[Excerpts from a dataset]

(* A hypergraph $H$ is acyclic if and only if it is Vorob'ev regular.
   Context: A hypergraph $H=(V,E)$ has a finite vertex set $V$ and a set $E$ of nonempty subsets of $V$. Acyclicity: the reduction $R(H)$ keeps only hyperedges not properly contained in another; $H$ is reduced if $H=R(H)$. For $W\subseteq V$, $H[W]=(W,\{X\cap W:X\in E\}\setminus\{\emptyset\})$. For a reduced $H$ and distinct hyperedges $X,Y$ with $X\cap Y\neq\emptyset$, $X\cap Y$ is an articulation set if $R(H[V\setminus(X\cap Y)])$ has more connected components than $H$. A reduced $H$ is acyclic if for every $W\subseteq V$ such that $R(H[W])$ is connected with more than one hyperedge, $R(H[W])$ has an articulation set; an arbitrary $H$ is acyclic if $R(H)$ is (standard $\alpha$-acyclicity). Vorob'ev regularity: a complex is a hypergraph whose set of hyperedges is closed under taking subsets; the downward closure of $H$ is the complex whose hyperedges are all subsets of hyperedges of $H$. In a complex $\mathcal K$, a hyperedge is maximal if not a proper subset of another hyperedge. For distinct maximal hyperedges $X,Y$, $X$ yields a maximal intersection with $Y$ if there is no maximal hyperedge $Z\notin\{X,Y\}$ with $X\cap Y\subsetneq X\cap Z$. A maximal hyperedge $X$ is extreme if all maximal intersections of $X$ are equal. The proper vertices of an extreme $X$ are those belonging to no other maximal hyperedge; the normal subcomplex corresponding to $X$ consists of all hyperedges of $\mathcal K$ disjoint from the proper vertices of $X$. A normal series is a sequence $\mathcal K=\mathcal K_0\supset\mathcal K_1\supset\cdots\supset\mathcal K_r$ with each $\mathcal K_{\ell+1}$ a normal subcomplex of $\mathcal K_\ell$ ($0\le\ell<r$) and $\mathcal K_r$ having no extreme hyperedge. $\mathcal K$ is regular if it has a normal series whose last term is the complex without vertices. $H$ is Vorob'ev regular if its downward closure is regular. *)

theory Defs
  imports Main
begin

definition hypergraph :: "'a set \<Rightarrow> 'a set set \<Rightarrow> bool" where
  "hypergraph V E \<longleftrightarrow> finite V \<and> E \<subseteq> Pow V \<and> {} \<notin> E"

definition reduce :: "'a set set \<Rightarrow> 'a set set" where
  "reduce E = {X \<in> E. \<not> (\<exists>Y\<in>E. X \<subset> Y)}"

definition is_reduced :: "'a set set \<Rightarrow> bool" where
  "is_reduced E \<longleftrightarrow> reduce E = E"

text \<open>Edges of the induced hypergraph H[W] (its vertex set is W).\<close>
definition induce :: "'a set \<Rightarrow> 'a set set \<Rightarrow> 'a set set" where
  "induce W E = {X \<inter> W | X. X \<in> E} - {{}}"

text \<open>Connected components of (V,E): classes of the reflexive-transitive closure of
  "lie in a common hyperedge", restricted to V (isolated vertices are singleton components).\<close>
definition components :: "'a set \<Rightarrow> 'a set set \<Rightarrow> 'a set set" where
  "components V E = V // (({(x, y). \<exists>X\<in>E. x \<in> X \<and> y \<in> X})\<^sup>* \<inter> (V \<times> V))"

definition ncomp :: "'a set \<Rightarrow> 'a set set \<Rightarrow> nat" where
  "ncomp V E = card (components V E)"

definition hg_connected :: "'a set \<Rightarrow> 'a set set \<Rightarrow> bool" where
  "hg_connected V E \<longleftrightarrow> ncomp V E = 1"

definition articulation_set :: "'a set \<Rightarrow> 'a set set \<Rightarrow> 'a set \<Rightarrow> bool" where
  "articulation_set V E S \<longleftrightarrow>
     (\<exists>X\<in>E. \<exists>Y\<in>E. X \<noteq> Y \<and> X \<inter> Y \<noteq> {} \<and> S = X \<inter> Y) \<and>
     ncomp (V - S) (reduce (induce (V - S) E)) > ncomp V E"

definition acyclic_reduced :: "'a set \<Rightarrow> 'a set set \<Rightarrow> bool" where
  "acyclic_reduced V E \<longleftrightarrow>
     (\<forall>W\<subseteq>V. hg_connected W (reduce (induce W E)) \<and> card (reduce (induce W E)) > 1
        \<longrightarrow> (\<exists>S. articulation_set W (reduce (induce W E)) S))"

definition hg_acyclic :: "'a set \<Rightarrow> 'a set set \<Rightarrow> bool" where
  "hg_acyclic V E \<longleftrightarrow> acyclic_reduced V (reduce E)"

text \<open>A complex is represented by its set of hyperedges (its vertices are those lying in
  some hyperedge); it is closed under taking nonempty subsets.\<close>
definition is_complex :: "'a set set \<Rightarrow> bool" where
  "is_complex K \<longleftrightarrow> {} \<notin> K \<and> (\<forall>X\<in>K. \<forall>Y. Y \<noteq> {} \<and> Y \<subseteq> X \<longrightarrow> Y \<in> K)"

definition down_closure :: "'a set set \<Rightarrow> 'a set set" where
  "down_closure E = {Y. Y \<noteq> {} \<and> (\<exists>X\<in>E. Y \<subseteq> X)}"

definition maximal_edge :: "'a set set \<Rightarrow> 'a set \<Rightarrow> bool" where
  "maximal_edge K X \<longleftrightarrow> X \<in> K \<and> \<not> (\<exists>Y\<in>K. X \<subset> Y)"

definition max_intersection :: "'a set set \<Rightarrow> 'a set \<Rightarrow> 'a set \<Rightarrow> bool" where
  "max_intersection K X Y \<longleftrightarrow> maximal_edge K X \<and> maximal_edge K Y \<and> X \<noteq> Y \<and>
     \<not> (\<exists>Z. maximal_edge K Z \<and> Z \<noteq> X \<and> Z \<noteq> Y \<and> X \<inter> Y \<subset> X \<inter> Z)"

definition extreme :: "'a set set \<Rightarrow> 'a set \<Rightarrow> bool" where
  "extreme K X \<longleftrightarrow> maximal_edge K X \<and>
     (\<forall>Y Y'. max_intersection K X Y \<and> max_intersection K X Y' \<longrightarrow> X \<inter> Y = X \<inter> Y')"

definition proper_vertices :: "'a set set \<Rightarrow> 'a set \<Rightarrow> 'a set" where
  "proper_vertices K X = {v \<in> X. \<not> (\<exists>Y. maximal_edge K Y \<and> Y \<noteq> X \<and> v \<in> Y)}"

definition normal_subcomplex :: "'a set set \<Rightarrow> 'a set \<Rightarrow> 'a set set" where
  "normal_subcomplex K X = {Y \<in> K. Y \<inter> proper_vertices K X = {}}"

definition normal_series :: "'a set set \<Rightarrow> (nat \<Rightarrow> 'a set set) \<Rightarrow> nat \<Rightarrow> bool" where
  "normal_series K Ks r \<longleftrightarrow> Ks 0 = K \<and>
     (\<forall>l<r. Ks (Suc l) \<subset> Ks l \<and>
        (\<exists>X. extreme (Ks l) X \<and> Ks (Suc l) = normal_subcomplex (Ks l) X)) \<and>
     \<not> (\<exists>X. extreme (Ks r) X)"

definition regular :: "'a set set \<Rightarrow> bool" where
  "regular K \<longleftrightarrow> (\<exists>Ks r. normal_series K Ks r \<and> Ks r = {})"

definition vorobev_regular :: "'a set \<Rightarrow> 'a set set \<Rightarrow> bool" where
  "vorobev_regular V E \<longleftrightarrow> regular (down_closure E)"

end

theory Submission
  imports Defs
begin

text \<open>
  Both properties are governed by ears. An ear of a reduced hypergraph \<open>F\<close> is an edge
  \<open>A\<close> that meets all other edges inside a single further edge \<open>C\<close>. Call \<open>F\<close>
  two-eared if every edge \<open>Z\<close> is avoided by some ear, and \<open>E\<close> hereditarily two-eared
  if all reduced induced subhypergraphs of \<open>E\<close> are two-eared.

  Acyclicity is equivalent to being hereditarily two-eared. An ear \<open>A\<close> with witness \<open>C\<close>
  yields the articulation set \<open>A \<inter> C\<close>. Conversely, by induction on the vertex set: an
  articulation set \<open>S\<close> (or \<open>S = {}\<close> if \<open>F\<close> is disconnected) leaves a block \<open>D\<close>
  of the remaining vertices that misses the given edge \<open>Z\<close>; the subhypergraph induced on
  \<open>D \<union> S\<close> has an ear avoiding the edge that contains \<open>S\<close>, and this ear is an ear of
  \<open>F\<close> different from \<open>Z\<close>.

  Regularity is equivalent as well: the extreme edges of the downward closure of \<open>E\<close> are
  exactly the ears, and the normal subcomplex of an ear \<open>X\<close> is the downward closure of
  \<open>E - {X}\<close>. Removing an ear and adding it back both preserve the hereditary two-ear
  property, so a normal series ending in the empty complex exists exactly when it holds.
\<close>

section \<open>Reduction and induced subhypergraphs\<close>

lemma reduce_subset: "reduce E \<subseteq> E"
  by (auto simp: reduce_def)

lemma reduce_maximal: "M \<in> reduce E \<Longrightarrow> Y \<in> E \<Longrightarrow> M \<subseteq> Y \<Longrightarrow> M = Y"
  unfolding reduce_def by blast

▸ Problem description
Tell how many lines in the data hold the string "lemma". Only the number is wanted.

▸ Answer space
2